As the Appellate Division notes, this is a strange and disturbing real estate deal for the beneficiaries of their mother’s estate.

“The complaint alleges, insofar as is relevant here, that Jose, believing, on the basis of misrepresentations by certain of the defendants, that he was refinancing to save his mother’s property from foreclosure, entered into a contract to convey the property to Decaudin for $ 390,000. The property allegedly was worth $ 600,000 at the time. When the closing was scheduled, Jose [**5] allegedly was advised that only he had to attend the closing, but that he should bring with him his mother’s social security card and driver’s license. At the closing he allegedly was introduced to Streisfeld, and was told that Streisfeld was his attorney.

[*3] The complaint alleges that, prior to the closing, Streisfeld had been provided with a copy of the power of attorney by which Jose was purporting to act in connection with the closing. The power of attorney, which had been executed by Jose’s mother, appointed Jose and his sister, the plaintiff, Naida I. Velazquez, acting jointly, as attorneys-in-fact for their mother. Despite the requirement that Jose and the plaintiff act together, however, the complaint alleges that Jose acted alone in connection with the conveyance of the property and that the plaintiff was unaware of his actions in that regard.

According to the complaint, the closing proceeded only after a lengthy meeting, from which Jose was excluded, between Streisfeld, the representative of the defendant Old Town Abstract Company, LLC (hereinafter Old Town), which was the agent of UGT, and the mortgage brokers, financial advisors, and other attorneys involved in the transaction. [**6] When the closing did proceed, Jose was taken into a room separate from the other participants, where he was advised that he was required to execute a deed, as well as a use and occupancy agreement and an option to purchase agreement. The use and occupancy agreement provided that Jose, who resided elsewhere, could continue to reside in the premises for a period of 12 months as long as he paid Decaudin’s mortgage payments in a timely fashion during that period. The option-to-purchase agreement provided that as long as he did not default in his obligations under the use and occupancy agreement, Jose could purchase the property during that year for $ 370,500, which was the total amount of the two mortgages that Decaudin executed in favor of the defendant Sunset Mortgage Company at the closing.

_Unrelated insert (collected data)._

fun tree_word :: "('v \<Rightarrow> 'v) \<Rightarrow> ('v \<Rightarrow> 'v) \<Rightarrow> pair_tree \<Rightarrow> 'v \<Rightarrow> 'v" where
  "tree_word ann cre Leaf = id"
| "tree_word ann cre (Node a b) = cre \<circ> tree_word ann cre a \<circ> ann \<circ> tree_word ann cre b"

lemma gen_op_imp_tree:
  "gen_op ann cre n \<pi> A \<Longrightarrow> \<exists>t. n = tree_size t \<and> \<pi> = tree_partition t \<and> A = tree_word ann cre t"
proof (induction rule: gen_op.induct)
  case gen_op_empty
  show ?case by (rule exI[of _ Leaf]) simp
next
  case (gen_op_step m \<pi>1 A1 k \<pi>2 A2)
  then show ?case by (metis tree_size.simps(2) tree_partition.simps(2) tree_word.simps(2))
qed

lemma Union_tree_partition: "\<Union>(tree_partition t) = {1..2 * tree_size t}"
proof (induction t)
  case (Node a b)
  have shift: "\<Union>(shift_blocks c \<pi>) = {1 + c..n + c}" if "\<Union>\<pi> = {1..n}" for c n and \<pi> :: "nat set set"
  proof -
    have "\<Union>(shift_blocks c \<pi>) = (\<lambda>x. x + c) ` {1..n}" using that by (simp flip: image_Union)
    also have "\<dots> = {1 + c..n + c}"
      by (auto intro!: image_eqI[where x="x - c" for x])
    finally show ?thesis .
  qed
  show ?case
    unfolding tree_partition.simps Union_Un_distrib shift[OF Node.IH(1)] shift[OF Node.IH(2)] by auto
qed simp

lemma card_tree_partition: "B \<in> tree_partition t \<Longrightarrow> card B = 2"
  by (induction t arbitrary: B) (auto simp: card_image inj_on_def)

lemma shift_blocks_eq_iff: "shift_blocks c \<pi> = shift_blocks c \<pi>' \<longleftrightarrow> \<pi> = \<pi>'"
proof -
  have "inj (\<lambda>B::nat set. (\<lambda>x. x + c) ` B)"
    by (rule injI) (simp add: inj_image_eq_iff)
  then show ?thesis by (simp add: inj_image_eq_iff)
qed

lemma tree_partition_Node_split:
  fixes a b :: pair_tree
  defines "j \<equiv> 2 * tree_size a + 2"
  shows "{B \<in> tree_partition (Node a b). 1 \<in> B} = {{1, j}}"
    and "{B \<in> tree_partition (Node a b). B \<subseteq> {2..j - 1}} = shift_blocks 1 (tree_partition a)"
    and "{B \<in> tree_partition (Node a b). B \<subseteq> {j + 1..}} = shift_blocks j (tree_partition b)"
proof -
  have sub: "B \<subseteq> {1..2 * tree_size c}" "B \<noteq> {}" if "B \<in> tree_partition c" for B c
    using that Union_tree_partition[of c] card_tree_partition[of B c] by auto
  show "{B \<in> tree_partition (Node a b). 1 \<in> B} = {{1, j}}"
    using sub unfolding j_def by fastforce
  show "{B \<in> tree_partition (Node a b). B \<subseteq> {2..j - 1}} = shift_blocks 1 (tree_partition a)"
    using sub unfolding j_def by (fastforce simp: subset_iff)
  show "{B \<in> tree_partition (Node a b). B \<subseteq> {j + 1..}} = shift_blocks j (tree_partition b)"
    using sub unfolding j_def by (fastforce simp: subset_iff)
qed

The complaint further alleges that, at the closing, Jose, Decaudin, Streisfeld, and the attorney for the lender executed an escrow agreement, pursuant to which no funds were to be disbursed, no documents were to be recorded, and no title insurance was to be issued until an original power of attorney in favor of Jose had been delivered to Old Town. The escrow agreement further provided that if the [**7] power of attorney were not delivered, the closing documents were to be returned to the respective parties. The complaint alleges that even though the power of attorney was never delivered to Old Town, the funds were disbursed and the closing documents were not returned, but were recorded, and UGT issued a policy of title insurance. The complaint alleges that the closing documents reflect that Decaudin paid approximately $ 295,000 to satisfy the outstanding mortgage indebtedness on the property and that the remaining $ 95,000 that had been borrowed from Sunset was disbursed to the defendants, rather than to the owner of the property, the plaintiff’s decedent.

Several months later, Jose defaulted in his obligations under the use and occupancy agreement that was executed at closing and DeCaudin initiated a summary dispossess proceeding, in which he was represented by the defendants Ira S. Clair, an attorney, and Clair and Gjertsen (hereinafter collectively Clair). The proceeding resulted in the issuance of a judgment in favor of Decaudin and a warrant of eviction. The complaint alleges that in a motion to vacate the judgment and warrant, Clair was made aware of the alleged defect in Decaudin’s [**8] title but negligently failed to examine the relevant documents or do anything else to ascertain the true state of Decaudin’s title.”